-- Activity --
Write out the following listing in full, exactly as it reads.

-- Extracted information --
lemma set_integrable_times_weight:
  assumes ab: "0 \<le> a" "a < b" and wpos: "AE t in lborel. 0 < t \<longrightarrow> 0 < w t"
    and fin: "w_meas w a b < \<infinity>"
  shows "set_integrable lborel {a<..<b} (\<lambda>t. f t * w t)"
  unfolding set_integrable_def
proof (rule integrableI_bounded)
  define c where "c = mu_avg lam f a b"
  define I where "I = {a<..<b}"
  show "(\<lambda>x. indicator {a<..<b} x *\<^sub>R (f x * w x)) \<in> borel_measurable lborel" by measurable
  have WI: "emeasure (w_measure w) I < \<infinity>" using fin unfolding I_def by (simp add: w_meas_eq_emeasure)
  have X1: "(\<integral>\<^sup>+x\<in>I. ennreal (\<bar>f x - c\<bar> powr 1 * w x) \<partial>lborel)
     \<le> ennreal (jn_const powr 1 * poly_geom_sum \<beta>0 1) * emeasure (w_measure w) I"
    using john_nirenberg_Lp[OF ab zero_less_one] unfolding I_def c_def .
  have "(\<integral>\<^sup>+x. ennreal (norm (indicator {a<..<b} x *\<^sub>R (f x * w x))) \<partial>lborel)
     \<le> (\<integral>\<^sup>+x. ennreal (\<bar>f x - c\<bar> powr 1 * w x) * indicator I x + ennreal \<bar>c\<bar> * (ennreal (w x) * indicator I x) \<partial>lborel)"
  proof (intro nn_integral_mono_AE)
    show "AE x in lborel. ennreal (norm (indicator {a<..<b} x *\<^sub>R (f x * w x)))
        \<le> ennreal (\<bar>f x - c\<bar> powr 1 * w x) * indicator I x + ennreal \<bar>c\<bar> * (ennreal (w x) * indicator I x)"
      using wpos
    proof eventually_elim
      case (elim x)
      show ?case
      proof (cases "x \<in> I")
        case True
        hence "0 < x" unfolding I_def using ab by auto
        hence wx: "0 < w x" using elim by simp
        have "\<bar>f x\<bar> \<le> \<bar>f x - c\<bar> + \<bar>c\<bar>" using abs_triangle_ineq[of "f x - c" c] by simp
        hence "\<bar>f x\<bar> * w x \<le> (\<bar>f x - c\<bar> + \<bar>c\<bar>) * w x" using wx by (intro mult_right_mono) auto
        hence "\<bar>f x * w x\<bar> \<le> \<bar>f x - c\<bar> * w x + \<bar>c\<bar> * w x" using wx by (simp add: abs_mult distrib_right)
        hence "ennreal \<bar>f x * w x\<bar> \<le> ennreal (\<bar>f x - c\<bar> * w x) + ennreal \<bar>c\<bar> * ennreal (w x)"
          using wx by (simp add: ennreal_mult[symmetric] ennreal_plus[symmetric] del: ennreal_plus)
        thus ?thesis using True by (simp add: I_def)
      qed (simp add: I_def)
    qed
  qed
  also have "\<dots> = (\<integral>\<^sup>+x\<in>I. ennreal (\<bar>f x - c\<bar> powr 1 * w x) \<partial>lborel) + ennreal \<bar>c\<bar> * emeasure (w_measure w) I"
    unfolding w_measure_def I_def by (subst nn_integral_add) (auto simp: nn_integral_cmult emeasure_density)
  also have "\<dots> < \<infinity>" using X1 WI by (simp add: ennreal_mult_less_top le_less_trans)
  finally show "(\<integral>\<^sup>+x. ennreal (norm (indicator {a<..<b} x *\<^sub>R (f x * w x))) \<partial>lborel) < \<infinity>" .
qed
(* Let $f,g:\mathbb{R}^n\to\mathbb{R}$ satisfy assumptions (A1)–(A4) below, let $\zeta\in[0,1)$ and $x_0\in\Omega=\{x:g(x)\le0\}$. Then the time in which the trajectory $x(t;\zeta,x_0)$ first reaches the boundary of the feasible set $\Omega$ is at most $\frac{C}{1-\zeta}$, where $C$ is a constant independent of $\zeta$.
   Context: Assumptions: (A1) $\lim_{|x|\to\infty} f(x)=+\infty$; (A2) $\nabla f(x)\neq 0$ for all $x\in\Omega$; (A3) $\nabla g(x)\neq 0$ for all $x\in\Omega$; (A4) $f,g$ twice continuously differentiable. For $\zeta\in[0,1)$, $\mathbf{s}_\zeta(x)=-\frac{\nabla f(x)}{|\nabla f(x)|}-\zeta\frac{\nabla g(x)}{|\nabla g(x)|}$, and $x(t;\zeta,x_0)$ is the solution of $\frac{dx}{dt}=\mathbf{s}_\zeta(x)$, $x(0)=x_0$, on its maximal interval of existence in $E=\{x:\nabla f(x)\ne0,\nabla g(x)\ne0\}$. *)

theory Defs
  imports "HOL-Analysis.Analysis"
begin

definition grad :: "('a::real_inner \<Rightarrow> real) \<Rightarrow> 'a \<Rightarrow> 'a" where
  "grad f x = (THE D. GDERIV f x :> D)"

definition C2 :: "('a::euclidean_space \<Rightarrow> real) \<Rightarrow> bool" where
  "C2 f \<longleftrightarrow> (\<exists>G H. (\<forall>x. GDERIV f x :> G x)
      \<and> (\<forall>x. (G has_derivative blinfun_apply (H x)) (at x))
      \<and> continuous_on UNIV (H :: 'a \<Rightarrow> 'a \<Rightarrow>\<^sub>L 'a))"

-- Written response --
lemma set_integrable_times_weight:
  assumes ab: "0 \<le> a" "a < b" and wpos: "AE t in lborel. 0 < t \<longrightarrow> 0 < w t"
    and fin: "w_meas w a b < \<infinity>"
  shows "set_integrable lborel {a<..<b} (\<lambda>t. f t * w t)"
  unfolding set_integrable_def
proof (rule integrableI_bounded)
  define c where "c = mu_avg lam f a b"
  define I where "I = {a<..<b}"
  show "(\<lambda>x. indicator {a<..<b} x *\<^sub>R (f x * w x)) \<in> borel_measurable lborel" by measurable
  have WI: "emeasure (w_measure w) I < \<infinity>" using fin unfolding I_def by (simp add: w_meas_eq_emeasure)
  have X1: "(\<integral>\<^sup>+x\<in>I. ennreal (\<bar>f x - c\<bar> powr 1 * w x) \<partial>lborel)
     \<le> ennreal (jn_const powr 1 * poly_geom_sum \<beta>0 1) * emeasure (w_measure w) I"
    using john_nirenberg_Lp[OF ab zero_less_one] unfolding I_def c_def .
  have "(\<integral>\<^sup>+x. ennreal (norm (indicator {a<..<b} x *\<^sub>R (f x * w x))) \<partial>lborel)
     \<le> (\<integral>\<^sup>+x. ennreal (\<bar>f x - c\<bar> powr 1 * w x) * indicator I x + ennreal \<bar>c\<bar> * (ennreal (w x) * indicator I x) \<partial>lborel)"
  proof (intro nn_integral_mono_AE)
    show "AE x in lborel. ennreal (norm (indicator {a<..<b} x *\<^sub>R (f x * w x)))
        \<le> ennreal (\<bar>f x - c\<bar> powr 1 * w x) * indicator I x + ennreal \<bar>c\<bar> * (ennreal (w x) * indicator I x)"
      using wpos
    proof eventually_elim
      case (elim x)
      show ?case
      proof (cases "x \<in> I")
        case True
        hence "0 < x" unfolding I_def using ab by auto
        hence wx: "0 < w x" using elim by simp
        have "\<bar>f x\<bar> \<le> \<bar>f x - c\<bar> + \<bar>c\<bar>" using abs_triangle_ineq[of "f x - c" c] by simp
        hence "\<bar>f x\<bar> * w x \<le> (\<bar>f x - c\<bar> + \<bar>c\<bar>) * w x" using wx by (intro mult_right_mono) auto
        hence "\<bar>f x * w x\<bar> \<le> \<bar>f x - c\<bar> * w x + \<bar>c\<bar> * w x" using wx by (simp add: abs_mult distrib_right)
        hence "ennreal \<bar>f x * w x\<bar> \<le> ennreal (\<bar>f x - c\<bar> * w x) + ennreal \<bar>c\<bar> * ennreal (w x)"
          using wx by (simp add: ennreal_mult[symmetric] ennreal_plus[symmetric] del: ennreal_plus)
        thus ?thesis using True by (simp add: I_def)
      qed (simp add: I_def)
    qed
  qed
  also have "\<dots> = (\<integral>\<^sup>+x\<in>I. ennreal (\<bar>f x - c\<bar> powr 1 * w x) \<partial>lborel) + ennreal \<bar>c\<bar> * emeasure (w_measure w) I"
    unfolding w_measure_def I_def by (subst nn_integral_add) (auto simp: nn_integral_cmult emeasure_density)
  also have "\<dots> < \<infinity>" using X1 WI by (simp add: ennreal_mult_less_top le_less_trans)
  finally show "(\<integral>\<^sup>+x. ennreal (norm (indicator {a<..<b} x *\<^sub>R (f x * w x))) \<partial>lborel) < \<infinity>" .
qed
(* Let $f,g:\mathbb{R}^n\to\mathbb{R}$ satisfy assumptions (A1)–(A4) below, let $\zeta\in[0,1)$ and $x_0\in\Omega=\{x:g(x)\le0\}$. Then the time in which the trajectory $x(t;\zeta,x_0)$ first reaches the boundary of the feasible set $\Omega$ is at most $\frac{C}{1-\zeta}$, where $C$ is a constant independent of $\zeta$.
   Context: Assumptions: (A1) $\lim_{|x|\to\infty} f(x)=+\infty$; (A2) $\nabla f(x)\neq 0$ for all $x\in\Omega$; (A3) $\nabla g(x)\neq 0$ for all $x\in\Omega$; (A4) $f,g$ twice continuously differentiable. For $\zeta\in[0,1)$, $\mathbf{s}_\zeta(x)=-\frac{\nabla f(x)}{|\nabla f(x)|}-\zeta\frac{\nabla g(x)}{|\nabla g(x)|}$, and $x(t;\zeta,x_0)$ is the solution of $\frac{dx}{dt}=\mathbf{s}_\zeta(x)$, $x(0)=x_0$, on its maximal interval of existence in $E=\{x:\nabla f(x)\ne0,\nabla g(x)\ne0\}$. *)

theory Defs
  imports "HOL-Analysis.Analysis"
begin

definition grad :: "('a::real_inner \<Rightarrow> real) \<Rightarrow> 'a \<Rightarrow> 'a" where
  "grad f x = (THE D. GDERIV f x :> D)"

definition C2 :: "('a::euclidean_space \<Rightarrow> real) \<Rightarrow> bool" where
  "C2 f \<longleftrightarrow> (\<exists>G H. (\<forall>x. GDERIV f x :> G x)
      \<and> (\<forall>x. (G has_derivative blinfun_apply (H x)) (at x))
      \<and> continuous_on UNIV (H :: 'a \<Rightarrow> 'a \<Rightarrow>\<^sub>L 'a))"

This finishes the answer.